Supplied information:
□ □ □ □ □

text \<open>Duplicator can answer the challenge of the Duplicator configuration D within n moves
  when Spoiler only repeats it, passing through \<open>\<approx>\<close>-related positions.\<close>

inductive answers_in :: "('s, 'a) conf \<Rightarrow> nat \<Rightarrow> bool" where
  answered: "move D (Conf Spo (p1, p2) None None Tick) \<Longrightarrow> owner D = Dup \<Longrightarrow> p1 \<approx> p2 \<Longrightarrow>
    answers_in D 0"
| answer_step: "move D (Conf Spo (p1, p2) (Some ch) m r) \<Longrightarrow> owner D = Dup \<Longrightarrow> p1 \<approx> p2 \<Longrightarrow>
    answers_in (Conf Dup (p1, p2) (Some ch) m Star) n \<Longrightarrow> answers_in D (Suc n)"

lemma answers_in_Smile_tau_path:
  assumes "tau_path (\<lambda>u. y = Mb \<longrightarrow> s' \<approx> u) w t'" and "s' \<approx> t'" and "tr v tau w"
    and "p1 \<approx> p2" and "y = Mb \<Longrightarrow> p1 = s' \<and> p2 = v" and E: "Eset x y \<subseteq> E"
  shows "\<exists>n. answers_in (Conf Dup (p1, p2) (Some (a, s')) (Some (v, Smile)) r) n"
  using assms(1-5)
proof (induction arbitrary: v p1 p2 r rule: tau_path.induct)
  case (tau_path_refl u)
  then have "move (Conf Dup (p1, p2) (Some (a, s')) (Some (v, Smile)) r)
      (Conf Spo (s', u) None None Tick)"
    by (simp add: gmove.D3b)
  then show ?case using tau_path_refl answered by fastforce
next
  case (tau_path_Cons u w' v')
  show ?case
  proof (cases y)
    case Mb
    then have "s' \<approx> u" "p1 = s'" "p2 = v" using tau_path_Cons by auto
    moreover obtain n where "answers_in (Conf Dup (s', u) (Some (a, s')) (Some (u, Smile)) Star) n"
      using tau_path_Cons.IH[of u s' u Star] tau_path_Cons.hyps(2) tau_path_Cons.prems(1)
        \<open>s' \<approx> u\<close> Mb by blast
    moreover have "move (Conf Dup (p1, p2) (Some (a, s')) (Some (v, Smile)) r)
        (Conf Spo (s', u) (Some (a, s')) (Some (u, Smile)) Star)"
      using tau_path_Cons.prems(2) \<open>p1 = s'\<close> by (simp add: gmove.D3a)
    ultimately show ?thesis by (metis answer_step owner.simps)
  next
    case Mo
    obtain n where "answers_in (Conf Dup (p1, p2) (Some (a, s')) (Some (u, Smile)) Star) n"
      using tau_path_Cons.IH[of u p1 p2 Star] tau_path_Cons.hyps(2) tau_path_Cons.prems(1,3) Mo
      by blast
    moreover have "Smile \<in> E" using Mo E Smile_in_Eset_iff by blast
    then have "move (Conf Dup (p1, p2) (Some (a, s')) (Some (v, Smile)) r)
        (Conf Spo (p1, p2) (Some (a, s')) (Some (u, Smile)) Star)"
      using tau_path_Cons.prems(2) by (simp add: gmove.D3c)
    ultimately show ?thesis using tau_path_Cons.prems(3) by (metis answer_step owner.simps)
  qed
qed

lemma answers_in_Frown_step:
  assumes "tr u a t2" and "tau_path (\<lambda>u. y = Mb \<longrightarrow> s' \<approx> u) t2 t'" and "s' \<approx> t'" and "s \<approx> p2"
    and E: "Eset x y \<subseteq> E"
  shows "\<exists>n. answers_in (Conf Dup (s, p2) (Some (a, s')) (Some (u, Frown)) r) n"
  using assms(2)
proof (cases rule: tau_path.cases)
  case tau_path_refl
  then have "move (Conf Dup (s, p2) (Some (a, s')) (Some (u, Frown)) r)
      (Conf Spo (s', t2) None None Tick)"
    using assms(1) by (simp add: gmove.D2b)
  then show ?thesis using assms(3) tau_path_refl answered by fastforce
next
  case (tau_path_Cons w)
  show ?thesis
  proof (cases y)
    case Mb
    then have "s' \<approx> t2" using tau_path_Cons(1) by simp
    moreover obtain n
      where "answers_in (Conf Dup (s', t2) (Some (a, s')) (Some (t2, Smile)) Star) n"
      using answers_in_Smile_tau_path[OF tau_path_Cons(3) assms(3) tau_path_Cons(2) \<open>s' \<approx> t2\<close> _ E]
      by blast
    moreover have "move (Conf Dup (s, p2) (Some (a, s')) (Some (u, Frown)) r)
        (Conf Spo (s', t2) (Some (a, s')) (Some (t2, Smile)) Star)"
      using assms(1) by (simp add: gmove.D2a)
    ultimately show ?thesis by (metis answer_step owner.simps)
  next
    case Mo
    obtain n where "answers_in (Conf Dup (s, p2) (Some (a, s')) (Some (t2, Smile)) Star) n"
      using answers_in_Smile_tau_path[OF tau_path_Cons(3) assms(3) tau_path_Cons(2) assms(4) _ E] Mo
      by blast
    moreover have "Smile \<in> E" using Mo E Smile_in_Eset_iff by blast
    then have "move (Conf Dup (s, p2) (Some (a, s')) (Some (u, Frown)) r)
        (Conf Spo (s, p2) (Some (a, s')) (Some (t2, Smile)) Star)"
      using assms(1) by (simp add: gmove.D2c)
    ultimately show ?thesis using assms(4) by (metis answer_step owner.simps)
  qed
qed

□ □ □ □ □

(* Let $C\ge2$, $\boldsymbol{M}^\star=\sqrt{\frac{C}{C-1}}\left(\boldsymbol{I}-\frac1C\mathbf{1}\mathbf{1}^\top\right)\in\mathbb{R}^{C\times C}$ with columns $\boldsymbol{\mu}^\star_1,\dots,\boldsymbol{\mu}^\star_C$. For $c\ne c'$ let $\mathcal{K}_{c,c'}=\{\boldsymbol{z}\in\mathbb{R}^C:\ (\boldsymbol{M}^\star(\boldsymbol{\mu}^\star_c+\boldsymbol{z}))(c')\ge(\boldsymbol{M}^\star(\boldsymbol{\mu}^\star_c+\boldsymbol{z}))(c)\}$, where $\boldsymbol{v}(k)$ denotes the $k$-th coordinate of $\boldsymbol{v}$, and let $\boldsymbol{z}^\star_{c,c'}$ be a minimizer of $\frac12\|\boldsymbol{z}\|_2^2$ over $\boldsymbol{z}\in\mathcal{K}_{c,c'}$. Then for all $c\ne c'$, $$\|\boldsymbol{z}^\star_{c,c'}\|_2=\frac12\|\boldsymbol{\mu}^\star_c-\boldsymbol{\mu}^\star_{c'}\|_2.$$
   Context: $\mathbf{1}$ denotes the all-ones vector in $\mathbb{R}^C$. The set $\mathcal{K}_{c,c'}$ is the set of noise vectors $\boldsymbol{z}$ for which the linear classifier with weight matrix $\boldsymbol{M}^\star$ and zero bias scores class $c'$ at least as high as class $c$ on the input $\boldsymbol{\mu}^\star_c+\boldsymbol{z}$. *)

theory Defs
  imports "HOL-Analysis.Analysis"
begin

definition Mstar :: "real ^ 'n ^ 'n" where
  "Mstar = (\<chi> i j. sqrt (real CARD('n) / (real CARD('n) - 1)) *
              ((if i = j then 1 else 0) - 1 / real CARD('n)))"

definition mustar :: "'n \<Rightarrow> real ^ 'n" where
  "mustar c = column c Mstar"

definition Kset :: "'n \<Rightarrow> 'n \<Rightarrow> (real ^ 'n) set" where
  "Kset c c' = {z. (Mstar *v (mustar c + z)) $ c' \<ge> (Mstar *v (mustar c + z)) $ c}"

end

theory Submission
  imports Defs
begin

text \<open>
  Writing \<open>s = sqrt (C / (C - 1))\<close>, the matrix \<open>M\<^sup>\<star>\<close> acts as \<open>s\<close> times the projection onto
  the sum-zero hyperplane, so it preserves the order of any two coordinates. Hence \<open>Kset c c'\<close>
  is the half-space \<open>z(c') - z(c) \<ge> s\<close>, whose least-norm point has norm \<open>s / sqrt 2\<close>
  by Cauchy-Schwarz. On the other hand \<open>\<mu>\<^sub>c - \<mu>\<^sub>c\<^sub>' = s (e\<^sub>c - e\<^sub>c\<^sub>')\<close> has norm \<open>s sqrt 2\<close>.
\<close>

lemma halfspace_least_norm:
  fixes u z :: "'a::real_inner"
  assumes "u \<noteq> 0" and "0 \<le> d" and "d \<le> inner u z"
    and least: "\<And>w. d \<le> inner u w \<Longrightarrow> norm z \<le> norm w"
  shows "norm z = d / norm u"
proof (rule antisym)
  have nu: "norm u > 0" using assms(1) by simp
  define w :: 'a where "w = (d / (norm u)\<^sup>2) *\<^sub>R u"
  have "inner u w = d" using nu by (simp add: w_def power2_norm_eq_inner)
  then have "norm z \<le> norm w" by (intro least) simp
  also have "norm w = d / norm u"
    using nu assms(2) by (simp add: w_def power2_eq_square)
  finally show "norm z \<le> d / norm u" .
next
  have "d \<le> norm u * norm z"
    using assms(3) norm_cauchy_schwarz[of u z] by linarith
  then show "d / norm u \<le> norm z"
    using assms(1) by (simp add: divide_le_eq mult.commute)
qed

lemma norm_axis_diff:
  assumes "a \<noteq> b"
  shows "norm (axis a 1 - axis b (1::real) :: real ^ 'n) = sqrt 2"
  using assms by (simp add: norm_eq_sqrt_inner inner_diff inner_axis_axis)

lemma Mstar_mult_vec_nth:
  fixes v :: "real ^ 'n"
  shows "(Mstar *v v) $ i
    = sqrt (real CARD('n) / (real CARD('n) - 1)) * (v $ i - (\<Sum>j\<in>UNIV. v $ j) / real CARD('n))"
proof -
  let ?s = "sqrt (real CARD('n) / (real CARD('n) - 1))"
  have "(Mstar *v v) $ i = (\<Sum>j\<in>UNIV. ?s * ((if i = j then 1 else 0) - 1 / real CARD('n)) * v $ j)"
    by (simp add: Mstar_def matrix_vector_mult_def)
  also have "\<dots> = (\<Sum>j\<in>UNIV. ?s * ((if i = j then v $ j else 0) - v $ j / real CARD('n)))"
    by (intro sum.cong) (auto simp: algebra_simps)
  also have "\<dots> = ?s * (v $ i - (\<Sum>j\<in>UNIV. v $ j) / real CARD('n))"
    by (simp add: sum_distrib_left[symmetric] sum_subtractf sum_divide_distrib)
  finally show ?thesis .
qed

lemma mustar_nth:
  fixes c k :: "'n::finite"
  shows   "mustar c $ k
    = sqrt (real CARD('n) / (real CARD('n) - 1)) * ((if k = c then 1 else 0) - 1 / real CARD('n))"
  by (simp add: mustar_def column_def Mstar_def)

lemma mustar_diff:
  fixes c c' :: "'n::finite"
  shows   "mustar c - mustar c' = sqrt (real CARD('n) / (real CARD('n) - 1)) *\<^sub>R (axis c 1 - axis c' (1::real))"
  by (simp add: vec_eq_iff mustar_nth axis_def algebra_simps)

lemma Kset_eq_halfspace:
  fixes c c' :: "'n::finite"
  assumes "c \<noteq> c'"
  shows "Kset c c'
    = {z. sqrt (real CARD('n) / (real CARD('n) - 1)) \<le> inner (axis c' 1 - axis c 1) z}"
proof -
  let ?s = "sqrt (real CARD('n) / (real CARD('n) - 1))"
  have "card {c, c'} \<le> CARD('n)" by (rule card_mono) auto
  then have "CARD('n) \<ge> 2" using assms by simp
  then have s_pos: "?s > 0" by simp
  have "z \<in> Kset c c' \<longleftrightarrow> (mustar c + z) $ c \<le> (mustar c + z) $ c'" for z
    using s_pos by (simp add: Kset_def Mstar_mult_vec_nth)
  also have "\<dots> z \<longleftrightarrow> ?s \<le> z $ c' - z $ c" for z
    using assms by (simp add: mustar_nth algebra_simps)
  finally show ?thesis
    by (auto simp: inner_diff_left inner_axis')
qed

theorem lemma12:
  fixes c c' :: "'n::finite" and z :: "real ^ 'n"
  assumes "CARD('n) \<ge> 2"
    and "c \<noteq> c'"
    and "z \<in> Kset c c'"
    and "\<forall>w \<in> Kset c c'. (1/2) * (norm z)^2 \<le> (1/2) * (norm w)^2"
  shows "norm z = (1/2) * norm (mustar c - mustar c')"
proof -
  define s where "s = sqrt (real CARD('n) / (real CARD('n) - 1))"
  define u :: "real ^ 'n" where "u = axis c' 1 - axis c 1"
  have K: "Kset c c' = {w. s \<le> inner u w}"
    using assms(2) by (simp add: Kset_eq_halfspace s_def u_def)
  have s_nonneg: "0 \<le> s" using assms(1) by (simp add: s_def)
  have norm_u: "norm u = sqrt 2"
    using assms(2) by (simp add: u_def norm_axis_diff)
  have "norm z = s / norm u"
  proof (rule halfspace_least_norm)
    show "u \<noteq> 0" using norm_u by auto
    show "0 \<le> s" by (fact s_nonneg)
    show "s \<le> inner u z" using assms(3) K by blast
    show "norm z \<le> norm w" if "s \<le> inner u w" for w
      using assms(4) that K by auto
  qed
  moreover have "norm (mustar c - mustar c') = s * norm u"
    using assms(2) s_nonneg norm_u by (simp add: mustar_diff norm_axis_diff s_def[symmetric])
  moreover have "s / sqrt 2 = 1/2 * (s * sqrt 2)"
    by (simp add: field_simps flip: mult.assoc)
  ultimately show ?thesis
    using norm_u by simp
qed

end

□ □ □ □ □

Each line carrying the string "assumes" should be copied out from the entries.

  assumes "tau_path (\<lambda>u. y = Mb \<longrightarrow> s' \<approx> u) w t'" and "s' \<approx> t'" and "tr v tau w"
  assumes "tr u a t2" and "tau_path (\<lambda>u. y = Mb \<longrightarrow> s' \<approx> u) t2 t'" and "s' \<approx> t'" and "s \<approx> p2"
  assumes "u \<noteq> 0" and "0 \<le> d" and "d \<le> inner u z"
  assumes "a \<noteq> b"
  assumes "c \<noteq> c'"
  assumes "CARD('n) \<ge> 2"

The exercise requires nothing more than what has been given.